Still a movie with a small cult following, “Maximum Overdrive” at last makes its way to Blu-Ray this Halloween as part of Lionsgate’s Vestron Video Collector’s Series. Though a movie Vestron itself had nothing to do with, the picture fits comfortably alongside the likes of past label favorites “Warlock” and “Waxwork.” The 1080p (2.35) AVC encode has more appropriate black levels than prior international releases of the title, while AC/DC’s soundtrack gets a major upgrade in the form of a pleasing 2.0 DTS MA stereo mix (an included 5.1 track is muffled and sends most of the directional activity into the center channel).

Special features are again where Lionsgate’s release shines. Two commentary tracks include discussions from author Tony Magistrale on one channel (providing a broad overview of King-flicks) with actor/comedian Jonah Ray and Blumhouse’s Ryan Turek on another. New interviews include conversations with producer Martha (Schumacher) DeLaurentiis, cast members Laura Harrington, Yeardley Smith and John Short, plus Holter Graham and make-up artist Dean Gates. Additional segments profile AC/DC’s work on the picture with band expert Murray Engleheart as well as the Wilmington locales. Finally, archival extras include behind-the-scenes footage, the trailer and TV spots, all comprising a treat for King and ‘80s genre enthusiasts alike.

Shout New Releases

Shout’s October slate includes several horror outings from their Scream imprint, including a new Special Edition of TRICK R’ TREAT (82 mins., 2007, R), a stylish and thoroughly entertaining Halloween anthology from writer-director Michael Dougherty and producer Bryan Singer that was completed in 2007 but shelved and unceremoniously dumped on home video two years later.

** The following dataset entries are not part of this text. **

(* Let $\zeta(n,k)$ be a binary linear code of length $n$ and dimension $k$ with parity-check matrix $H$, and let $s,p\in\mathbb{N}$ with $0\le s\le k$, $0\le p\le n$, $s+p\le n$. Let $X$ be a random binary string of length $n-p-s$ and let $Z$ (the eavesdropper's information) be a discrete random variable jointly distributed with $X$. In the $sp$-protocol, let $R_p$ and $R_s$ be uniformly random binary strings of lengths $p$ and $s$, independent of each other and of $(X,Z)$; let $g$ be a fixed permutation of the $n$ coordinate positions, and set $\hat X = g(X\,|\,R_p\,|\,R_s)$ (concatenation followed by the permutation). The public communication is $C = (H\hat X^T, R_s)$, of length $|C| = n-k+s$. Let $R = \frac{k-s}{n-s-p}$ be the rate of the code obtained from $\zeta(n,k)$ by puncturing $p$ and shortening $s$ symbols, and let $|X| = n-p-s$. Then for any security constant $t\ge 0$, with probability at least $1-2^{-t}$ over the realization $(z,c)$ of $(Z,C)$, $$H_\infty(\hat X\mid Z=z, C=c) \ge H_\infty(X\mid Z) - |X|(1-R) - t.$$
   Context: Min-entropy: $H_\infty(X) = -\log\max_x P_X(x)$; conditional min-entropy $H_\infty(X\mid Z) = \min_z H_\infty(X\mid Z=z)$ with $H_\infty(X\mid Z=z) = -\log\max_x P_{X\mid Z}(x\mid z)$, minimum over $z$ with positive probability. The syndrome of a length-$n$ binary vector $v$ is $Hv^T$. The paper writes the conclusion as "$H_\infty(\hat X\mid ZC)\ge H_\infty(X\mid Z)-|X|(1-R)-t$ with probability $1-2^{-t}$", meaning the bound holds for the realized values of the eavesdropper's information and the public communication except with probability at most $2^{-t}$. *)

theory Defs
  imports "HOL-Probability.Probability" "HOL-Combinatorics.Permutations"
begin

text \<open>Binary vectors are bool lists (True = 1). Inner product over GF(2).\<close>
definition gf2_inner :: "bool list \<Rightarrow> bool list \<Rightarrow> bool" where
  "gf2_inner u v = odd (card {i. i < length u \<and> i < length v \<and> u ! i \<and> v ! i})"

text \<open>Syndrome H v^T, H given as the list of its rows.\<close>
definition syndrome :: "bool list list \<Rightarrow> bool list \<Rightarrow> bool list" where
  "syndrome H v = map (\<lambda>row. gf2_inner row v) H"

definition code_of :: "bool list list \<Rightarrow> nat \<Rightarrow> bool list set" where
  "code_of H n = {v. length v = n \<and> syndrome H v = replicate (length H) False}"

text \<open>H is an (n-k) x n parity-check matrix of a binary linear code zeta(n,k) of
  length n and dimension k (a k-dimensional GF(2)-subspace has 2^k elements).\<close>
definition parity_check_matrix :: "bool list list \<Rightarrow> nat \<Rightarrow> nat \<Rightarrow> bool" where
  "parity_check_matrix H n k \<longleftrightarrow> k \<le> n \<and> length H = n - k \<and>
     (\<forall>row \<in> set H. length row = n) \<and> card (code_of H n) = 2 ^ k"

definition apply_perm :: "(nat \<Rightarrow> nat) \<Rightarrow> bool list \<Rightarrow> bool list" where
  "apply_perm g v = map (\<lambda>i. v ! g i) [0..<length v]"

definition uniform_bits :: "nat \<Rightarrow> bool list pmf" where
  "uniform_bits l = pmf_of_set {r. length r = l}"

definition marg2 :: "('a \<times> 'b) pmf \<Rightarrow> 'b \<Rightarrow> real" where
  "marg2 M b = measure_pmf.prob M {q. snd q = b}"

definition min_entropy_given :: "('a \<times> 'b) pmf \<Rightarrow> 'b \<Rightarrow> real" where
  "min_entropy_given M b = - log 2 (SUP a. pmf M (a, b) / marg2 M b)"

definition cond_min_entropy :: "('a \<times> 'b) pmf \<Rightarrow> real" where
  "cond_min_entropy M = (INF b \<in> {b. marg2 M b > 0}. min_entropy_given M b)"

definition sp_protocol :: "bool list list \<Rightarrow> (nat \<Rightarrow> nat) \<Rightarrow> nat \<Rightarrow> nat \<Rightarrow>
    (bool list \<times> 'z) pmf \<Rightarrow> (bool list \<times> ('z \<times> (bool list \<times> bool list))) pmf" where
  "sp_protocol H g p s M =
     do { (x, z) \<leftarrow> M; rp \<leftarrow> uniform_bits p; rs \<leftarrow> uniform_bits s;
          let xh = apply_perm g (x @ rp @ rs);
          return_pmf (xh, (z, (syndrome H xh, rs))) }"

end

theory Submission imports Defs begin

text \<open>The transcript \<open>(Xhat, Z, C)\<close> is an injective image of \<open>(X, Z, R_p, R_s)\<close>, so each of
  its values has probability at most \<open>2 powr -(p + s) * 2 powr -H * P_Z(z)\<close>, where \<open>H\<close> is the
  conditional min-entropy of \<open>X\<close> given \<open>Z\<close>. The public message \<open>C\<close> takes at most \<open>2 ^ m\<close> values,
  \<open>m = n - k + s\<close>, so by a union bound over them the observed \<open>(z, c)\<close> satisfies
  \<open>P_ZC(z, c) \<ge> \<delta> * P_Z(z)\<close> except with probability \<open>2 ^ m * \<delta>\<close>. For such \<open>(z, c)\<close> every
  conditional probability of \<open>Xhat\<close> is at most \<open>2 powr -(p + s) * 2 powr -H / \<delta>\<close>. Taking
  \<open>\<delta> = 2 powr -(m + t)\<close> gives the bound, because \<open>m - p - s \<le> |X| (1 - R)\<close>.\<close>

(* Both Infinite_Sum and Infinite_Set_Sum declare abs_summable_on; the proofs use the latter. *)
no_notation Infinite_Sum.abs_summable_on (infixr \<open>abs'_summable'_on\<close> 46)

definition guessing_prob :: "('a \<times> 'b) pmf \<Rightarrow> 'b \<Rightarrow> real" where
  "guessing_prob M b = (SUP a. pmf M (a, b) / marg2 M b)"

lemma min_entropy_given_eq: "min_entropy_given M b = - log 2 (guessing_prob M b)"
  by (simp add: min_entropy_given_def guessing_prob_def)

lemma marg2_eq_pmf_map_snd: "marg2 M b = pmf (map_pmf snd M) b"
  by (simp add: marg2_def pmf_map vimage_def)

lemma marg2_nonneg: "0 \<le> marg2 M b"
  by (simp add: marg2_def)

Here Doughtery spins a delightfully ghoulish succession of vignettes all centered around an Ohio town celebrating October 31st, ranging from a girl just wanting to experience her “first time” (Anna Paquin) to a school principal (Dylan Baker) who enjoys carving a particular kind of jack o’lantern. The stories are deftly intertwined, the visuals by cinematographer Glen MacPherson and production designer Mark Freeborn are evocative of the season, while composer Douglas Pipes throws a nod to Herrmann with his brooding score. Add in a memorable creature anti-hero that’s bound to become a cult favorite and you have the recipe for a jolly good time.

Gory but not needlessly explicit, with some enjoyable old-school moralizing (the film’s victims, either juvenile or adult, tend to either be guilty of playing tricks or neglecting the true spirit of Halloween), “Trick ‘R Treat” is a short and sweet, inspired horror ride that comes highly recommended!

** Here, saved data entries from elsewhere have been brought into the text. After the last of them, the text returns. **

lemma has_triple_Cons:
  "has_triple P (a # xs) \<longleftrightarrow>
     has_triple P xs \<or> (\<exists>j k. j < k \<and> k < length xs \<and> P a (xs ! j) (xs ! k))"
proof
  assume "has_triple P (a # xs)"
  then obtain i j k where ijk: "i < j" "j < k" "k < Suc (length xs)"
    "P ((a # xs) ! i) ((a # xs) ! j) ((a # xs) ! k)"
    unfolding has_triple_def by auto
  then obtain j' k' where "j = Suc j'" "k = Suc k'"
    by (metis less_nat_zero_code not0_implies_Suc order.strict_trans)
  with ijk show "has_triple P xs \<or> (\<exists>j k. j < k \<and> k < length xs \<and> P a (xs ! j) (xs ! k))"
    unfolding has_triple_def by (cases i) auto
next
  assume "has_triple P xs \<or> (\<exists>j k. j < k \<and> k < length xs \<and> P a (xs ! j) (xs ! k))"
  then show "has_triple P (a # xs)"
    unfolding has_triple_def by (metis Suc_mono length_Cons nth_Cons_0 nth_Cons_Suc zero_less_Suc)
qed

lemma has_triple_map:
  "has_triple P (map f xs) \<longleftrightarrow> has_triple (\<lambda>x y z. P (f x) (f y) (f z)) xs"
  unfolding has_triple_def by (intro iff_exI conj_cong refl) auto

lemma has_triple_cong:
  assumes "\<And>x y z. x \<in> set xs \<Longrightarrow> y \<in> set xs \<Longrightarrow> z \<in> set xs \<Longrightarrow> P x y z \<longleftrightarrow> Q x y z"
  shows "has_triple P xs \<longleftrightarrow> has_triple Q xs"
  unfolding has_triple_def using assms by (meson nth_mem order.strict_trans)

lemma contains123_map:
  fixes f :: "nat \<Rightarrow> nat"
  assumes "strict_mono_on (set xs) f"
  shows "contains123 (map f xs) \<longleftrightarrow> contains123 xs"
  unfolding contains123_eq_has_triple has_triple_map
  by (rule has_triple_cong) (simp add: strict_mono_on_less[OF assms])

lemma contains132_map:
  fixes f :: "nat \<Rightarrow> nat"
  assumes "strict_mono_on (set xs) f"
  shows "contains132 (map f xs) \<longleftrightarrow> contains132 xs"
  unfolding contains132_eq_has_triple has_triple_map
  by (rule has_triple_cong) (simp add: strict_mono_on_less[OF assms])

lemma contains123_or_132_Cons:
  assumes "distinct xs"
  shows "contains123 (a # xs) \<or> contains132 (a # xs) \<longleftrightarrow>
    contains123 xs \<or> contains132 xs \<or> (\<exists>x\<in>set xs. \<exists>y\<in>set xs. x \<noteq> y \<and> a < x \<and> a < y)"
proof -
  have "(\<exists>j k. j < k \<and> k < length xs \<and> a < xs ! j \<and> xs ! j < xs ! k) \<or>
        (\<exists>j k. j < k \<and> k < length xs \<and> a < xs ! k \<and> xs ! k < xs ! j) \<longleftrightarrow>
        (\<exists>x\<in>set xs. \<exists>y\<in>set xs. x \<noteq> y \<and> a < x \<and> a < y)" (is "?L \<longleftrightarrow> ?R")
  proof
    assume ?L
    then show ?R by (metis nth_mem order.strict_trans order_less_irrefl)
  next
    assume ?R
    then obtain j k where "j < length xs" "k < length xs" "j \<noteq> k" "a < xs ! j" "a < xs ! k"
      by (metis in_set_conv_nth)
    with assms show ?L
      by (metis linorder_neqE_nat nth_eq_iff_index_eq)
  qed
  then show ?thesis
    unfolding contains123_eq_has_triple contains132_eq_has_triple has_triple_Cons by auto
qed

section \<open>Decomposition by the first entry\<close>

definition bump :: "nat \<Rightarrow> nat \<Rightarrow> nat" where
  "bump a v = (if a \<le> v then Suc v else v)"

definition prepend :: "nat \<Rightarrow> nat list \<Rightarrow> nat list" where
  "prepend a \<tau> = a # map (bump a) \<tau>"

Shout’s Blu-Ray offers a fine 1080p (2.35) AVC encoded transfer with 5.1 DTS MA sound, plus two new major featurettes: “Tales of Folklore & Fright and “Sounds of Shock and Superstition,” featuring interviews with Dougherty and composer Douglas Pipes among others. A smattering of other goodies from Warner’s prior Blu-Ray (additional scenes, featurettes, the trailer) round out the single-disc release.

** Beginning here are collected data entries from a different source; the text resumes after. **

definition gram_Y :: "'a::euclidean_space set \<Rightarrow> nat \<Rightarrow> (nat \<Rightarrow> 'a \<Rightarrow> real) \<Rightarrow> real mat" where
  "gram_Y \<Omega> q \<nu> = mat q q (\<lambda>(i,j). LINT y:\<Omega>|lborel. \<nu> i y * \<nu> j y)"

definition is_proj_Y :: "'a::euclidean_space set \<Rightarrow> nat \<Rightarrow> (nat \<Rightarrow> 'a \<Rightarrow> real) \<Rightarrow> ('a \<Rightarrow> real) \<Rightarrow> (nat \<Rightarrow> real) \<Rightarrow> bool" where
  "is_proj_Y \<Omega> q \<nu> x0 c \<longleftrightarrow>
     (\<forall>k<q. (LINT y:\<Omega>|lborel. (x0 y - (\<Sum>i<q. c i * \<nu> i y)) * \<nu> k y) = 0)"

definition init_ok :: "'a::euclidean_space set \<Rightarrow> nat \<Rightarrow> (nat \<Rightarrow> real \<Rightarrow> real) \<Rightarrow> (nat \<Rightarrow> 'a \<Rightarrow> real) \<Rightarrow> ('a \<Rightarrow> real) \<Rightarrow> real mat \<Rightarrow> bool" where
  "init_ok \<Omega> q \<psi> \<nu> x0 X \<longleftrightarrow>
     (\<exists>c. is_proj_Y \<Omega> q \<nu> x0 c \<and>
          (AE y in lborel. y \<in> \<Omega> \<longrightarrow> stfun \<psi> \<nu> X 0 y = (\<Sum>i<q. c i * \<nu> i y)))"

definition U_hat :: "real mat \<Rightarrow> real mat \<Rightarrow> real mat" where
  "U_hat LS Ur = mat (dim_row Ur) (dim_col Ur + 1)
      (\<lambda>(i,j). if j = 0 then transpose_mat LS $$ (i,0) else Ur $$ (i, j - 1))"

text \<open>coefficient matrices (w.r.t. psi_j nu_i) of the elements of Shat.Y, where
  [psihat_1..psihat_shat]^T = U^T L_S^{-1} [psi_1..psi_s]^T : an element
  sum_{i,k} Z_{ik} nu_i psihat_k has psi-coefficients Z * U^T * L_S^{-1}\<close>
definition in_hatSY :: "nat \<Rightarrow> real mat \<Rightarrow> real mat \<Rightarrow> real mat \<Rightarrow> bool" where
  "in_hatSY q U LS X \<longleftrightarrow>
     (\<exists>Z \<in> carrier_mat q (dim_col U). X = Z * (transpose_mat U * inv_m LS))"

definition is_proj_hat :: "real \<Rightarrow> 'a::euclidean_space set \<Rightarrow> nat \<Rightarrow> (nat \<Rightarrow> real \<Rightarrow> real) \<Rightarrow>
    (nat \<Rightarrow> 'a \<Rightarrow> real) \<Rightarrow> ('a \<Rightarrow> real) \<Rightarrow> real mat \<Rightarrow> real mat \<Rightarrow> real mat \<Rightarrow> real mat \<Rightarrow> bool" where
  "is_proj_hat T \<Omega> q \<psi> \<nu> x0 U LS X Xp \<longleftrightarrow>
     Xp \<in> carrier_mat (dim_row X) (dim_col X) \<and>
     in_hatSY q U LS Xp \<and> init_ok \<Omega> q \<psi> \<nu> x0 Xp \<and>
     (\<forall>Z \<in> carrier_mat (dim_row X) (dim_col X). in_hatSY q U LS Z \<longrightarrow> init_ok \<Omega> q \<psi> \<nu> x0 Z \<longrightarrow>
        st_inner T \<Omega> (stfun \<psi> \<nu> (X - Xp)) (stfun \<psi> \<nu> (Z - Xp)) = 0)"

Another Warner production, CREEPSHOW (120 mins., 1982, R), scares up a new Blu-Ray Collector’s Edition from Shout this month. Not as much fun as “Trick ‘R Treat,” this much-heralded collaboration between writer Stephen King and director George Romero offers riffs on E.C. Comics stories with an eclectic cast (Hal Holbrook, Adrienne Barbeau, Leslie Nielsen, Ted Danson, E.G. Marshall and King himself among them) serving up horror with genre-appropriate “just dessert” endings. Despite the names attached, this 1982 anthology offered little new in terms of storytelling but still satisfied fans of the genre – aficionados who should also be pleased with Shout’s Blu-Ray.

A new 4K scan of the original camera negative, approved by cinematographer Michael Gornick (who directed the poor 1986 New World Pictures sequel), graces Shout’s Blu-Ray along with three new featurettes and loads of other goodies carried over from various international releases – these include deleted scenes, audio interviews, make-up great Tom Savini’s behind-the-scenes footage, and a deluxe slipcover.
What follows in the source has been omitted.